Now, we are surviving under the pandemic of the century, Covid-19. From its epicentre Wuhan, China, Covid-19 became a global pandemic within three months off its origin. Now the entire globe is under lockdown. As a result of that, we are also now under global financial crisis. As the world is still waiting for its vaccine, it is quite difficult to forecast when the globe will be on its own track of the normal economic activities.
- Current Scenario
As a part of the financial crisis, the entire banking industry is facing severe disorder. The first hit was on the market capitalisation. The crash in the stock market led the reduction in the value of the firms. Moreover, as the manufacturing sector is entirely under lockdown, the demand for funds hit the rock bottom. So, for banks, the credit growth has been collapsed.
In order to infuse liquidity in the market and to accelerate the credit growth, the Reserve Bank of India cuts its policy rates. Though, it helps to reduce the expenditure of interest payments by banks, the reduction in the interest earnings curbs out the benefit. As a result of that revenue of the banks get hampered.
Moreover, the Reserve Bank of India also issued regulatory package to stabilise the market liquidity. Under this package banks and financial institutions are allowed to issue three months moratorium on the instalment payments on loan during the period March-May. As a result of that the banks revenue for that period is going to be reduced.
- The Future
The global managing consulting company Accenture, in its open letter to retail and commercial CEOs, clearly sorted out four key areas that the banks need to be addressed.
As a support of government actions, banks have rescheduled the payments of term loans and working capital facilities. Moreover, the productions of the manufacturing sectors hit the bottom due to this lockdown. So, there is a lesser demand of credits from these sectors. Also, due to the lack of economic activities, there may be more loan defaults. In this regard, the central bank also revised the asset classification norm. But, irrespective of the steps taken, it is quite expected that the non-performing assets will go up significantly.
Now, the government has given special attention to the MSME sector by issuing financial supports. As the intermediary between the government and MSME sector, it will somehow boost the credit growth for the banks.
Reduction in Revenue
The largest source of banks’ income arises out of their lending activities. But the global lockdown squeezed the demand for the funds from different economic units. Till now there is no such evidence that this situation is going to be changed soon. Moreover the rate cuts by the central bank also led the reduction in the net interest margin of the banks. But the situation may change when the moratorium period is over and the banks will start getting back their instalments. In this regard, it is also expected that banks will increase the service charges of its various products.

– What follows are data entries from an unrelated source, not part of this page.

lemma FK_add:
  assumes "f \<in> FK K" "g \<in> FK K"
  shows "f + g \<in> FK K \<and> lim_inf (f + g) = lim_inf f + lim_inf g"
proof -
  obtain p q where f: "q \<noteq> 0" "degree p \<le> degree q" "\<forall>z. poly q z = 0 \<longrightarrow> z \<in> K" "f = Fract p q"
    "((\<lambda>z. poly p z / poly q z) \<longlongrightarrow> lim_inf f) at_infinity" using FK_elim[OF assms(1)] .
  obtain p' q' where g: "q' \<noteq> 0" "degree p' \<le> degree q'" "\<forall>z. poly q' z = 0 \<longrightarrow> z \<in> K" "g = Fract p' q'"
    "((\<lambda>z. poly p' z / poly q' z) \<longlongrightarrow> lim_inf g) at_infinity" using FK_elim[OF assms(2)] .
  let ?p = "p * q' + p' * q" and ?q = "q * q'"
  have sum: "f + g = Fract ?p ?q" and q: "?q \<noteq> 0" using f g by simp_all
  have "degree (p * q') \<le> degree ?q" "degree (p' * q) \<le> degree ?q"
    using degree_mult_le[of p q'] degree_mult_le[of p' q] f(1,2) g(1,2) by (simp_all add: degree_mult_eq)
  then have deg: "degree ?p \<le> degree ?q" by (rule degree_add_le)
  have roots: "\<forall>z. poly ?q z = 0 \<longrightarrow> z \<in> K" using f(3) g(3) by auto
  have "eventually (\<lambda>z. poly p z / poly q z + poly p' z / poly q' z = poly ?p z / poly ?q z) at_infinity"
    using eventually_conj[OF eventually_poly_nonzero_at_infinity[OF f(1)]
                             eventually_poly_nonzero_at_infinity[OF g(1)]]
    by (rule eventually_mono) (simp add: field_simps)
  then have "((\<lambda>z. poly ?p z / poly ?q z) \<longlongrightarrow> lim_inf f + lim_inf g) at_infinity"
    using tendsto_add[OF f(5) g(5)] by (simp add: tendsto_cong)
  then have "lim_inf (f + g) = lim_inf f + lim_inf g" unfolding sum by (rule lim_inf_Fract[OF q])
  moreover have "f + g \<in> FK K" unfolding FK_def using sum q deg roots by blast
  ultimately show ?thesis by simp
qed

This global pandemic changed the scenario of customer experiences. Customers are now relying upon the online or electronic mode of banking transactions. We have already experienced the card-less ATM transactions, UPI system. We are also experiencing the touch-free cards. These services should be promoted further. Banks are also opening mini branches in the rural areas to reduce the pressure of customers on the big urban branches. Various banking facilities are available with those mini branches. But still, the customers’ need to visit the bank branches will be there, but these services will certainly help to reduce the interaction with bank branches and will reduce the gatherings. Also, there is a need for customer education and training, mostly for rural and elderly people, regarding the use of the online channels of banking.

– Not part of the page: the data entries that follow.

(* Let $\tau\subset\overline{\mathrm{K\ddot ah}(X)}$ be a cone and $\beta=(0,\dots,0,-1/2,\dots,-1/2)$. Then the zero locus of $\mathrm{Ind}(\tau,\beta)$ in $\mathbb{C}^J$ consists of at most one point, namely $\alpha^0=(\alpha^0_{i,j})$ with $\alpha^0_{i,0}=-1/2$ for $1\le i\le r$ and $\alpha^0_{i,j}=0$ for $j\ge1$.
   Context: $N\cong\mathbb{Z}^n$, $M$ dual. $X$ smooth projective toric with fan $\Sigma$ and nef-partition $\Sigma(1)=I_1\sqcup\cdots\sqcup I_r$ (each $E_i=\sum_{\rho\in I_i}D_\rho$ nef), $I_i=\{\rho_{i,1},\dots,\rho_{i,n_i}\}$, $J=\{(i,j):1\le i\le r,0\le j\le n_i\}$, $\nu_{i,j}=(\rho_{i,j},e_i)$ ($j\ge1$), $\nu_{i,0}=(0,e_i)$ in $N\times\mathbb{Z}^r$. $L_{\mathrm{ext}}=\ker(\mathbb{Z}^J\to N\times\mathbb{Z}^r,\ e_{i,j}\mapsto\nu_{i,j})\cong H_2(X,\mathbb{Z})$, so $H^2(X,\mathbb{R})\cong L_{\mathrm{ext}}^\vee\otimes\mathbb{R}$ contains the closed Kähler cone $\overline{\mathrm{K\ddot ah}(X)}$. For $\ell\in L_{\mathrm{ext}}$, $\ell^+$ is its positive part and $I_\ell(\alpha)=\prod_{(i,j)\in J}\prod_{k=0}^{\ell^+_{i,j}-1}(\alpha_{i,j}-k)$. The indicial ideal $\mathrm{Ind}(\tau,\beta)\subset\mathbb{C}[\alpha_{i,j}:(i,j)\in J]$ is generated by $I_\ell(\alpha)$ for $0\ne\ell\in\tau^\vee\cap L_{\mathrm{ext}}$ and by $\sum_{(i,j)\in J}\langle\bar m,\nu_{i,j}\rangle\alpha_{i,j}-\langle\bar m,\beta\rangle$ for $\bar m\in M\times\mathbb{Z}^r$. *)

theory Defs
  imports "HOL-Analysis.Analysis"
begin

text \<open>The nef-partition is given by r, the sizes nI i = n_i and the
  ray generators rho (i,j) in N = Z^n (embedded in real^'n), for 1 <= i <= r, 1 <= j <= n_i.
  Index pairs (i,j) with j = 0 are the extra indices of J.\<close>

definition Jset :: "nat \<Rightarrow> (nat \<Rightarrow> nat) \<Rightarrow> (nat \<times> nat) set" where
  "Jset r nI = {(i,j). 1 \<le> i \<and> i \<le> r \<and> j \<le> nI i}"

definition J1 :: "nat \<Rightarrow> (nat \<Rightarrow> nat) \<Rightarrow> (nat \<times> nat) set" where
  "J1 r nI = {(i,j). 1 \<le> i \<and> i \<le> r \<and> 1 \<le> j \<and> j \<le> nI i}"

definition int_vec :: "real^'n \<Rightarrow> bool" where
  "int_vec v \<longleftrightarrow> (\<forall>t. v $ t \<in> \<int>)"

It is very much clear that the revenue generation of banks got hampered due to the global pandemic and no one can say how long it is going to continue. So, banks have to focus on the control over its costs also. Generally, the cost control technique varies from bank to bank. This cost control measure should not be the traditional but differentiating. The application of the traditional cost control technique may be backfired and lead to the loss of revenue for the banks. On the other hand, under differentiating technique the cost control is done on a selective way. It can be applied by way of investment portfolio review, reduction of expenses in a selective manner, outsourcing of non-core functions of banks etc. In current global business scenario, differentiating or strategic cost control technique is the most accepted measure for cost control.